Once you reach the line containing "q (dual_ideal I)" in the data below, restate each line word for word up to and including the one containing "case (Suc n)".

> Records for the exercise

↓

lemma mem_image_iff: "x \<in> \<kappa> ` S \<longleftrightarrow> \<kappa> x \<in> S"
  by (metis image_iff involution)

lemma maxs_image: "maxs (\<kappa> ` S) = \<kappa> ` mins S"
  unfolding maxs_def mins_def by (auto simp: mem_image_iff involution) (metis involution le_iff)

lemma mins_image: "mins (\<kappa> ` S) = \<kappa> ` maxs S"
  unfolding maxs_def mins_def by (auto simp: mem_image_iff involution) (metis involution le_iff)

lemma compl_image_in_order_ideals:
  "I \<in> order_ideals \<Longrightarrow> UNIV - \<kappa> ` I \<in> order_ideals"
  unfolding order_ideals_def by (auto simp: mem_image_iff)

lemma dual_ideal_in_order_ideals: "dual_ideal I \<in> order_ideals"
  unfolding dual_ideal_def by (rule ideal_gen_in_order_ideals)

lemma maxs_dual_ideal: "maxs (dual_ideal I) = \<kappa> ` maxs I"
  unfolding dual_ideal_def by (simp add: maxs_ideal_gen maxs_image mins_maxs)

lemma dual_ideal_dual_ideal: "I \<in> order_ideals \<Longrightarrow> dual_ideal (dual_ideal I) = I"
  unfolding dual_ideal_def[of "dual_ideal I"] maxs_dual_ideal
  by (simp add: image_image involution ideal_gen_maxs)

lemma chi_dual_ideal: "chi q (dual_ideal I) = chi (\<kappa> q) I"
  unfolding chi_def by (simp add: maxs_dual_ideal mem_image_iff)

lemma dual_ideal_rowmotion:
  assumes "I \<in> order_ideals"
  shows "dual_ideal (rowmotion I) = UNIV - \<kappa> ` I"
proof -
  have "dual_ideal (rowmotion I) = ideal_gen (maxs (\<kappa> ` (UNIV - I)))"
    unfolding dual_ideal_def maxs_rowmotion maxs_image ..
  also have "\<kappa> ` (UNIV - I) = UNIV - \<kappa> ` I"
    using bij_image_Compl_eq[OF bij] by (simp add: Compl_eq_Diff_UNIV)
  finally show ?thesis
    using ideal_gen_maxs[OF compl_image_in_order_ideals[OF assms]] by simp
qed

lemma rowmotion_compl_image: "rowmotion (UNIV - \<kappa> ` I) = dual_ideal I"
  unfolding rowmotion_def dual_ideal_def by (simp add: Diff_Diff_Int mins_image)

lemma rowmotion_dual_ideal_rowmotion:
  "I \<in> order_ideals \<Longrightarrow> rowmotion (dual_ideal (rowmotion I)) = dual_ideal I"
  by (simp add: dual_ideal_rowmotion rowmotion_compl_image)

lemma funpow_rowmotion_dual_ideal_funpow_rowmotion:
  "I \<in> order_ideals \<Longrightarrow>
    (rowmotion ^^ n) (dual_ideal ((rowmotion ^^ n) I)) = dual_ideal I"
proof (induction n)
  case 0
  then show ?case by simp
next
  case (Suc n)
  have "(rowmotion ^^ Suc n) (dual_ideal ((rowmotion ^^ Suc n) I))
      = (rowmotion ^^ n) (rowmotion (dual_ideal (rowmotion ((rowmotion ^^ n) I))))"
    by (simp add: funpow_swap1)
  also have "\<dots> = (rowmotion ^^ n) (dual_ideal ((rowmotion ^^ n) I))"
    using Suc.prems by (simp add: rowmotion_dual_ideal_rowmotion funpow_rowmotion_in_order_ideals)
  finally show ?case
    using Suc by simp
qed

lemma dual_ideal_image_rm_orbit_subset:
  assumes "I \<in> order_ideals"
  shows "dual_ideal ` rm_orbit_of I \<subseteq> rm_orbit_of (dual_ideal I)"
proof
  fix J assume "J \<in> dual_ideal ` rm_orbit_of I"
  then obtain n where J: "J = dual_ideal ((rowmotion ^^ n) I)"
    unfolding rm_orbit_of_def by blast
  have "dual_ideal I \<in> rm_orbit_of J"
    unfolding J rm_orbit_of_def
    using funpow_rowmotion_dual_ideal_funpow_rowmotion[OF assms, of n, symmetric] by blast
  then have "rm_orbit_of (dual_ideal I) = rm_orbit_of J"
    using J dual_ideal_in_order_ideals rm_orbit_of_eq by blast
  then show "J \<in> rm_orbit_of (dual_ideal I)"
    using self_in_rm_orbit_of by blast
qed
lemma Pku_Suc:
    "Pku Lp X Sel k (Suc u) = limit (Append Lp k (Zku Lp X Sel k (Suc u))) (Pku Lp X Sel k u)"
  and Zku_Suc:
    "Zku Lp X Sel k (Suc u) = Sel (Zku Lp X Sel k u) (Wk Lp (X k) k (Pku Lp X Sel k u))"
  by (simp_all add: Pku_def Zku_def step_def Let_def)

lemma P0_Suc: "P0 Lp X Sel (Suc k) = Pinf Lp X Sel k"
  by (simp add: Pinf_def Pku_def)

lemma Pku_mono: "u \<le> v \<Longrightarrow> Pku Lp X Sel k u \<subseteq> Pku Lp X Sel k v"
proof (induction v rule: dec_induct)
  case (step v)
  then show ?case using subset_limit by (metis Pku_Suc order_trans)
qed simp

lemma Wk_mono: "P \<subseteq> Q \<Longrightarrow> Wk Lp Y k P \<subseteq> Wk Lp Y k Q"
  unfolding Wk_def by blast

lemma Pinf_mono: "k \<le> n \<Longrightarrow> Pinf Lp X Sel k \<subseteq> Pinf Lp X Sel n"
proof (induction n rule: dec_induct)
  case (step n)
  have "Pinf Lp X Sel n = Pku Lp X Sel (Suc n) 0"
    by (simp only: Pku_0 P0_Suc)
  then have "Pinf Lp X Sel n \<subseteq> Pinf Lp X Sel (Suc n)"
    unfolding Pinf_def by blast
  with step show ?case by blast
qed simp

definition admissible_path ::
    "'t list set \<Rightarrow> (nat \<Rightarrow> ('t, 'c) token set) \<Rightarrow> ('t, 'c) selector \<Rightarrow> nat \<Rightarrow> ('t, 'c) path \<Rightarrow> bool"
  where
  "admissible_path Lp X Sel n p \<longleftrightarrow>
     (\<forall>i<length p. length (chars (take i p)) \<le> n \<and>
        p ! i \<in> Zinf Lp X Sel (length (chars (take i p)))) \<and> terms p \<in> Lp"

lemma admissible_path_mono:
  "admissible_path Lp X Sel n p \<Longrightarrow> n \<le> m \<Longrightarrow> admissible_path Lp X Sel m p"
  unfolding admissible_path_def by force

lemma admissible_path_snoc:
  assumes "admissible_path Lp X Sel n p" and "length (chars p) = n"
    and "t \<in> Zinf Lp X Sel n" and "terms (p @ [t]) \<in> Lp"
  shows "admissible_path Lp X Sel n (p @ [t])"
  using assms unfolding admissible_path_def by (auto simp: nth_append less_Suc_eq)

lemma admissible_path_butlast:
  assumes "admissible_path Lp X Sel n (q @ [t])" and "terms q \<in> Lp"
  shows "admissible_path Lp X Sel (length (chars q)) q"
    and "length (chars q) \<le> n" and "t \<in> Zinf Lp X Sel (length (chars q))"
proof -
  have "q ! i \<in> Zinf Lp X Sel (length (chars (take i q)))" if "i < length q" for i
    using assms(1) that unfolding admissible_path_def
    by (auto simp: nth_append dest: spec[of _ i])
  then show "admissible_path Lp X Sel (length (chars q)) q"
    using assms(2) length_chars_take_le unfolding admissible_path_def by blast
  show "length (chars q) \<le> n" and "t \<in> Zinf Lp X Sel (length (chars q))"
    using assms(1) unfolding admissible_path_def by (auto dest: spec[of _ "length q"])
qed

lemma Append_admissible:
  assumes "\<forall>p\<in>P. admissible_path Lp X Sel n p" and "Z \<subseteq> Zinf Lp X Sel n"
  shows "\<forall>p\<in>Append Lp n Z P. admissible_path Lp X Sel n p"
  using assms admissible_path_snoc unfolding Append_def by blast

lemma Pku_admissible_if_P0_admissible:
  assumes "\<forall>p\<in>P0 Lp X Sel k. admissible_path Lp X Sel k p"
  shows "\<forall>p\<in>Pku Lp X Sel k u. admissible_path Lp X Sel k p"
proof (induction u)
  case 0
  then show ?case using assms by (simp add: Pku_0)
next
  case (Suc u)
  have "Zku Lp X Sel k (Suc u) \<subseteq> Zinf Lp X Sel k"
    unfolding Zinf_def by blast
  with Suc show ?case
    unfolding Pku_Suc by (intro limit_invariant Append_admissible)
qed
(* Let $\rho\in\mathbb N\cup\{\infty\}$ and let $D$ be a Van Kampen diagram over $X_\rho$. 1. If $C$ is a simply connected cluster of $D$, then $\|\partial C\|_1\le 3\,\mathrm{Area}(D)+\|\partial D\|_1$. 2. If moreover $C$ is standardly filled, then $\mathrm{Area}(C)=\mathrm{length}(\partial C)-2$ and $\|C\|_\infty\le\|\partial C\|_1$.
   Context: Setting. $G=\langle S\mid\mathcal R\rangle$ is a finite presentation, $S$ is finite symmetric, and each relator has length 2 or 3. $H_1,\dots,H_n\le G$ are subgroups, and $S_i\subset S$ is a finite symmetric generating set of $H_i$. Truncated relative presentation. For $\rho\in\mathbb N\cup\{\infty\}$, let $\tilde H_i=\langle\tilde S_i\mid$ words of length $\le\rho$ over $S_i$ trivial in $H_i\rangle$, with $\tilde S_i$ a copy of $S_i$. Let $p_i:\tilde H_i\to H_i$ be the natural epimorphism. Put $\hat S=S\sqcup\tilde H_1\sqcup\dots\sqcup\tilde H_n$, where each element of $\tilde H_i$ is a letter. $X_\rho$ is the presentation of $G$ with generators $\hat S$ and relators: - $\mathcal R'$, consisting of $\mathcal R$ together with the words $\tilde s^{-1}p_i(\tilde s)$ for $\tilde s\in\tilde S_i$; - for each $i$, all words of at most 3 letters of $\tilde H_i$ whose product is trivial in $\tilde H_i$. Complexity. $\|s\|=1$ for $s\in S$. For $a\in\tilde H_i$, $\|a\|$ is the word length of $a$ with respect to $\tilde S_i$. For a path or diagram, $\|\cdot\|_1$ and $\|\cdot\|_\infty$ are the sum and the maximum of the complexities of its edge labels. $\mathrm{Area}$ is the number of 2-cells, and $\mathrm{length}$ is the number of edges. Clusters. A 2-cell has type $\mathcal R'$ or type $\tilde H_i$ according to its relator. Two cells of the same type $\tilde H_i$ sharing an edge are cluster-adjacent. A cluster is the closure of an equivalence class of the transitive closure of this relation. For a cluster $C$, $\partial C$ is the union of the closed edges of $C$ lying in exactly one 2-cell of $C$. Standard filling. Suppose $C$ is simply connected, so that $\partial C$ is an embedded circle labeled cyclically $a_1,\dots,a_m\in\tilde H_i$. $C$ is standardly filled if it consists of $m-2$ triangles, all of whose vertices lie on $\partial C$, with interior edges joining the initial vertex to the vertices after $a_1\cdots a_j$ and labeled by the element $a_1\cdots a_j\in\tilde H_i$ ($j\le m-2$), i.e. a fan triangulation. *)

theory Defs
  imports Main "HOL-Library.Extended_Nat"
begin
lemma is_interval_conds:
  assumes p: "params_ok c \<gamma> \<omega> h d \<sigma> \<mu>"
  shows "is_interval {E. conds c \<gamma> \<omega> h d E}"
  unfolding is_interval_1
proof (intro ballI allI impI)
  fix x y z
  assume "x \<in> {E. conds c \<gamma> \<omega> h d E}" "z \<in> {E. conds c \<gamma> \<omega> h d E}" "x \<le> y \<and> y \<le> z"
  then have x: "C1 x" "C3 c \<gamma> \<omega> h d x" "C4 c \<gamma> \<omega> h d x"
    and z: "C2 c \<gamma> \<omega> h d z" "C3 c \<gamma> \<omega> h d z" and "x \<le> y" "y \<le> z"
    unfolding conds_def by auto
  have k: "0 \<le> \<omega>^2 * d * h" and "0 < c" "0 < \<gamma>"
    using p unfolding params_ok_def by auto
  have "C1 y"
    using x(1) \<open>x \<le> y\<close> unfolding C1_def by simp
  moreover have "C2 c \<gamma> \<omega> h d y"
    using z(1) \<open>y \<le> z\<close> mult_right_mono[of y z "1 + c + 2 * \<gamma> + \<omega>^2 * d * h"] k \<open>0 < c\<close> \<open>0 < \<gamma>\<close>
    unfolding C2_iff by linarith
  moreover have "C3 c \<gamma> \<omega> h d y"
    using C3_between[OF p] x z \<open>x \<le> y\<close> \<open>y \<le> z\<close> \<open>C1 x\<close> unfolding C1_def
    by (metis order_le_less)
  moreover have "C4 c \<gamma> \<omega> h d y"
    using x(3) \<open>x \<le> y\<close> mult_right_mono[of x y "c + \<gamma> + \<omega>^2 * d * h"] k \<open>0 < c\<close> \<open>0 < \<gamma>\<close>
    unfolding C4_iff by linarith
  ultimately show "y \<in> {E. conds c \<gamma> \<omega> h d E}"
    unfolding conds_def by simp
qed

lemma open_conds: "open {E. conds c \<gamma> \<omega> h d E}"
  unfolding conds_def C1_def C2_def C3_def C4_def
  by (intro open_Collect_conj open_Collect_less continuous_intros)

lemma conds_pos: "{E. conds c \<gamma> \<omega> h d E} \<subseteq> {0<..}"
  unfolding conds_def C1_def by auto

lemma beta_set_eq_vimage:
  "beta_set c \<gamma> \<omega> h d \<sigma> \<mu> b = {0<..} \<inter> Eval \<sigma> \<mu> b -` {E. conds c \<gamma> \<omega> h d E}"
  unfolding beta_set_def by auto

lemma b_set_eq_vimage:
  "b_set c \<gamma> \<omega> h d \<sigma> \<mu> \<beta> = {0<..} \<inter> (\<lambda>b. Eval \<sigma> \<mu> b \<beta>) -` {E. conds c \<gamma> \<omega> h d E}"
  unfolding b_set_def by auto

↑

> Output below
lemma chi_dual_ideal: "chi q (dual_ideal I) = chi (\<kappa> q) I"
  unfolding chi_def by (simp add: maxs_dual_ideal mem_image_iff)

lemma dual_ideal_rowmotion:
  assumes "I \<in> order_ideals"
  shows "dual_ideal (rowmotion I) = UNIV - \<kappa> ` I"
proof -
  have "dual_ideal (rowmotion I) = ideal_gen (maxs (\<kappa> ` (UNIV - I)))"
    unfolding dual_ideal_def maxs_rowmotion maxs_image ..
  also have "\<kappa> ` (UNIV - I) = UNIV - \<kappa> ` I"
    using bij_image_Compl_eq[OF bij] by (simp add: Compl_eq_Diff_UNIV)
  finally show ?thesis
    using ideal_gen_maxs[OF compl_image_in_order_ideals[OF assms]] by simp
qed

lemma rowmotion_compl_image: "rowmotion (UNIV - \<kappa> ` I) = dual_ideal I"
  unfolding rowmotion_def dual_ideal_def by (simp add: Diff_Diff_Int mins_image)

lemma rowmotion_dual_ideal_rowmotion:
  "I \<in> order_ideals \<Longrightarrow> rowmotion (dual_ideal (rowmotion I)) = dual_ideal I"
  by (simp add: dual_ideal_rowmotion rowmotion_compl_image)

lemma funpow_rowmotion_dual_ideal_funpow_rowmotion:
  "I \<in> order_ideals \<Longrightarrow>
    (rowmotion ^^ n) (dual_ideal ((rowmotion ^^ n) I)) = dual_ideal I"
proof (induction n)
  case 0
  then show ?case by simp
next
  case (Suc n)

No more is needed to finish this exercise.